(Records for the exercise begins)

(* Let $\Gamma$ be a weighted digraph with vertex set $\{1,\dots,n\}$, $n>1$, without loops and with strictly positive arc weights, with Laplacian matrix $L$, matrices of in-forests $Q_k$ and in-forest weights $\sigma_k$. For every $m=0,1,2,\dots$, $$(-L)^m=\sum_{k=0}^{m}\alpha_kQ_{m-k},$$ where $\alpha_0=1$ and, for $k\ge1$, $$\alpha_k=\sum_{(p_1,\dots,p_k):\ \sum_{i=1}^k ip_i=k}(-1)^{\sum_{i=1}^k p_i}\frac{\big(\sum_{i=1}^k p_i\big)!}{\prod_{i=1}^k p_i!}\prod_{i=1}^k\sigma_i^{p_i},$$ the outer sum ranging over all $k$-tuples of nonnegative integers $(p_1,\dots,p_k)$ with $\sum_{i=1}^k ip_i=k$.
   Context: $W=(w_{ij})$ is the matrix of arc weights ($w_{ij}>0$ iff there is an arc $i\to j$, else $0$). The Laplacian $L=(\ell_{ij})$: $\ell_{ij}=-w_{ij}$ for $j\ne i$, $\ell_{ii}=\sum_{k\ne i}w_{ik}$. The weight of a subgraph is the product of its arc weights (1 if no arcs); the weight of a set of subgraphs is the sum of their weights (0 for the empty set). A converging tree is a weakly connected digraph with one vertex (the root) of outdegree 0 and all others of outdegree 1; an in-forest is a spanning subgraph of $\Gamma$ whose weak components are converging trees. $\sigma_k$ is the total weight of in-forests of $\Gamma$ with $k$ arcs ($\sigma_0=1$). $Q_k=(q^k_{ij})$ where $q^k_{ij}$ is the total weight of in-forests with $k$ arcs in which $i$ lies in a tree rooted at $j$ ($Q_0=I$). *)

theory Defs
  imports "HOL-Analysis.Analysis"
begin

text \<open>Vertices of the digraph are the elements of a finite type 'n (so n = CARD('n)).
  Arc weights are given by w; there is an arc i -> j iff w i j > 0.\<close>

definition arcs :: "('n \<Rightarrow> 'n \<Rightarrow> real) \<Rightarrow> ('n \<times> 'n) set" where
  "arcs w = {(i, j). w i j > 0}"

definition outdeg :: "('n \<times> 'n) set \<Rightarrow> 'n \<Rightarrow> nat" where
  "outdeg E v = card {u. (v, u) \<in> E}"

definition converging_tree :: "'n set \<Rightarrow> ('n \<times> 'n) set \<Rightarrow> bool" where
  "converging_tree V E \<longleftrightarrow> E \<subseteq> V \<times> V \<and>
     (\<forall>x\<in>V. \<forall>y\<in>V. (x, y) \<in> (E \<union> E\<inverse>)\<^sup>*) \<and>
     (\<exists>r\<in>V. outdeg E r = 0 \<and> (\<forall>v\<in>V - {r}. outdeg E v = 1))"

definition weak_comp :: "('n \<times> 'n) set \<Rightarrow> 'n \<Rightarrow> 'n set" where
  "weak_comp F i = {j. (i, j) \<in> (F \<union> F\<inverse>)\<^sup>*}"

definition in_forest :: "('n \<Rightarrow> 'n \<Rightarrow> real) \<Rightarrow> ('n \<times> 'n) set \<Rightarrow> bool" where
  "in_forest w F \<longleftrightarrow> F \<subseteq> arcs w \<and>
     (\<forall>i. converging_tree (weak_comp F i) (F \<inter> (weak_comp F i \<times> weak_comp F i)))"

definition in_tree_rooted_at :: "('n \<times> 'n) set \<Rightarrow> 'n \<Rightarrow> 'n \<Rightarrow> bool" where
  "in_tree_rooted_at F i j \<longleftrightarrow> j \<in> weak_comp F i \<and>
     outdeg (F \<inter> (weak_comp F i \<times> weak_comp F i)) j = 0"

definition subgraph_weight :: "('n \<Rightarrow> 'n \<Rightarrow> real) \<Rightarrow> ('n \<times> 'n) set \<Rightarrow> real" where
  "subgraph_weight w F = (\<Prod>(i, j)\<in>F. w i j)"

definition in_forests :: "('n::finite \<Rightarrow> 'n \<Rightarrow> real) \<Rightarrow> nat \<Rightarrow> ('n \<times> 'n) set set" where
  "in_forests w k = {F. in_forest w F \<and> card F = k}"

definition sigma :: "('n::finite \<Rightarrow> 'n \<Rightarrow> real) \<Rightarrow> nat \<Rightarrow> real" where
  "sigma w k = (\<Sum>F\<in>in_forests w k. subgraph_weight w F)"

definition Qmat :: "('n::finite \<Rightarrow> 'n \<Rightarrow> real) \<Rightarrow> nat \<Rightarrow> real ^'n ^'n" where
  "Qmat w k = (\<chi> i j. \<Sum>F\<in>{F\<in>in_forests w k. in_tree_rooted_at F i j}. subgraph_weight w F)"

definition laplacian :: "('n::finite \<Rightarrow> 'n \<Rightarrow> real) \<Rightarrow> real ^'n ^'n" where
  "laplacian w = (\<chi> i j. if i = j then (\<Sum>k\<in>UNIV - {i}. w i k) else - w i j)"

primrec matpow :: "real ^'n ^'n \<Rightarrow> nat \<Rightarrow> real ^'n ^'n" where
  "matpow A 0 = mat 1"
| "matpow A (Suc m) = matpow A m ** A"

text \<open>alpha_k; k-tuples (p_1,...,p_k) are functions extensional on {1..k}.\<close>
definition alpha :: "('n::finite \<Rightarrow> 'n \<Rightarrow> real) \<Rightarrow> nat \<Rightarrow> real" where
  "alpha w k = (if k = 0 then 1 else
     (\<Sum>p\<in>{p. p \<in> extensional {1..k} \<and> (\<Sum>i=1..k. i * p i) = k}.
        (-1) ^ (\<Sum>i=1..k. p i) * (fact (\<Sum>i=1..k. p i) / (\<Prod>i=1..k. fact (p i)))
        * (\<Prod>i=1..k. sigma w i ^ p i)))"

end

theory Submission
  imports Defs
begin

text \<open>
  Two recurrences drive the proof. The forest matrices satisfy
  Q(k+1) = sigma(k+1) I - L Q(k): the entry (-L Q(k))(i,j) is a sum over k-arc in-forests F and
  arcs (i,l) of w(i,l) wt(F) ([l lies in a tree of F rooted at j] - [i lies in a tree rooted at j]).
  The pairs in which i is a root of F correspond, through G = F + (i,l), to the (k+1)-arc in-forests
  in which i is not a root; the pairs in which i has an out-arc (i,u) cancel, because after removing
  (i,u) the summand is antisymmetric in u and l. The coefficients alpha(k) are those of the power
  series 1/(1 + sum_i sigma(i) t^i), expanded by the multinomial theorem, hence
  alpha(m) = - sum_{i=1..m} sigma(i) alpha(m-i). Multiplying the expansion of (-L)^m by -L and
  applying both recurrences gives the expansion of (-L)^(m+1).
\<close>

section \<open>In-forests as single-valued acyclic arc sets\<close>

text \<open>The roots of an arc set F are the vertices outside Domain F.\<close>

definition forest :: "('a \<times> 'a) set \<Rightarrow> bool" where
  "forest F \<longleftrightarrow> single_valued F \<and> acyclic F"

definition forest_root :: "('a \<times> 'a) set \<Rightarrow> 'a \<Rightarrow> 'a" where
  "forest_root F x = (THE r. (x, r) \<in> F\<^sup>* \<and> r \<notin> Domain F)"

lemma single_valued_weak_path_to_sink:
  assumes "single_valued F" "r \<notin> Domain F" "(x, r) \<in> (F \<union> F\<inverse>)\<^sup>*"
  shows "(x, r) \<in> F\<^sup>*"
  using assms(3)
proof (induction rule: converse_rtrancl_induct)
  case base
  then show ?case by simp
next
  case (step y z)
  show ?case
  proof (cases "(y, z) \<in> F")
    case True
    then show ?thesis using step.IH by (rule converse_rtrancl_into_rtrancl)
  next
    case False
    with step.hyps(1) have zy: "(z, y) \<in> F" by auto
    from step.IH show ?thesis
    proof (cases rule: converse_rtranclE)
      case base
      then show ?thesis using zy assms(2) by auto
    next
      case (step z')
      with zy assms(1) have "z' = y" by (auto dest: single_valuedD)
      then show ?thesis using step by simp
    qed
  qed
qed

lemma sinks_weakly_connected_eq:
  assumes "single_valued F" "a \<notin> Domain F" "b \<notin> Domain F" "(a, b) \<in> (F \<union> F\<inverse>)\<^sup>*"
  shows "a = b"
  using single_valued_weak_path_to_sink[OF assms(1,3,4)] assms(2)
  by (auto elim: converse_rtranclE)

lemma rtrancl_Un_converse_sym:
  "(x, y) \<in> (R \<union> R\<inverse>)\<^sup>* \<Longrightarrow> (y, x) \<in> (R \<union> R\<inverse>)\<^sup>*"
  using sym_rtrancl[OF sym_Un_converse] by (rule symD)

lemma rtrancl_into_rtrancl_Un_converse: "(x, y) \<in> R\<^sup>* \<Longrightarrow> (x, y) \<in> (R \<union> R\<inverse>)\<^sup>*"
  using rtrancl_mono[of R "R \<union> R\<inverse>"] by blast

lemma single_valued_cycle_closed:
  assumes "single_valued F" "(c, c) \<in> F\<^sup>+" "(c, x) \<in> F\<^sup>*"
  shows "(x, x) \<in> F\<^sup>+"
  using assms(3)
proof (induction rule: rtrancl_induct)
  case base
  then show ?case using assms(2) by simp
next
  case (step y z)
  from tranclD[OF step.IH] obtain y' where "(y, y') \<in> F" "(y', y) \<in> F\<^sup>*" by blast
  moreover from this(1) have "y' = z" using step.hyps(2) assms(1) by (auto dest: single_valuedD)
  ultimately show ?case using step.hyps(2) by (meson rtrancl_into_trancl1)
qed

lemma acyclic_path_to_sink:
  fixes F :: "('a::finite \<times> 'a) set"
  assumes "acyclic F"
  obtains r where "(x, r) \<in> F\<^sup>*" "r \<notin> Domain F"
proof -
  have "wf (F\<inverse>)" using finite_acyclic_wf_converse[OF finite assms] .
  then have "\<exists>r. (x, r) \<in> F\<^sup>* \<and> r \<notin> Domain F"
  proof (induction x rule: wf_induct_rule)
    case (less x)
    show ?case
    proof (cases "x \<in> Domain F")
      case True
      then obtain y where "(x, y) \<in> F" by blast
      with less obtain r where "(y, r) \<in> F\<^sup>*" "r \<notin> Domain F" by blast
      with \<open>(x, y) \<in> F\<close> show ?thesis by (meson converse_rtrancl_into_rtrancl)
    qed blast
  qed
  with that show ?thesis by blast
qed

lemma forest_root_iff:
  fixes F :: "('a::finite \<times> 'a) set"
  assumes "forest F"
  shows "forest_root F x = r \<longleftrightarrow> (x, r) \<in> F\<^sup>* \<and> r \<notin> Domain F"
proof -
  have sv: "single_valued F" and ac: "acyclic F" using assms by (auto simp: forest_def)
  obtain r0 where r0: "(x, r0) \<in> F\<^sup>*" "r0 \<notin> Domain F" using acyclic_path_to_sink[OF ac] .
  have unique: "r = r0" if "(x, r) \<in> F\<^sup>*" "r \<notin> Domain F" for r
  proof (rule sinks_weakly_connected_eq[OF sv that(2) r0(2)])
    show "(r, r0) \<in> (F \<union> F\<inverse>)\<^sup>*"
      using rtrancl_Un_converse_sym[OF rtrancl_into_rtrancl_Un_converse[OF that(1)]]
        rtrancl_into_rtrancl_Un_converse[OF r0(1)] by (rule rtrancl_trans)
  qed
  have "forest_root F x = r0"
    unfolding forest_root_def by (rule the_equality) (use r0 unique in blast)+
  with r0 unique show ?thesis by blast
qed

(Records for the exercise ends)

Your assignment ->
Each line above that contains the string "Qmat" should be identified and copied.

Expected output ->
definition Qmat :: "('n::finite \<Rightarrow> 'n \<Rightarrow> real) \<Rightarrow> nat \<Rightarrow> real ^'n ^'n" where
  "Qmat w k = (\<chi> i j. \<Sum>F\<in>{F\<in>in_forests w k. in_tree_rooted_at F i j}. subgraph_weight w F)"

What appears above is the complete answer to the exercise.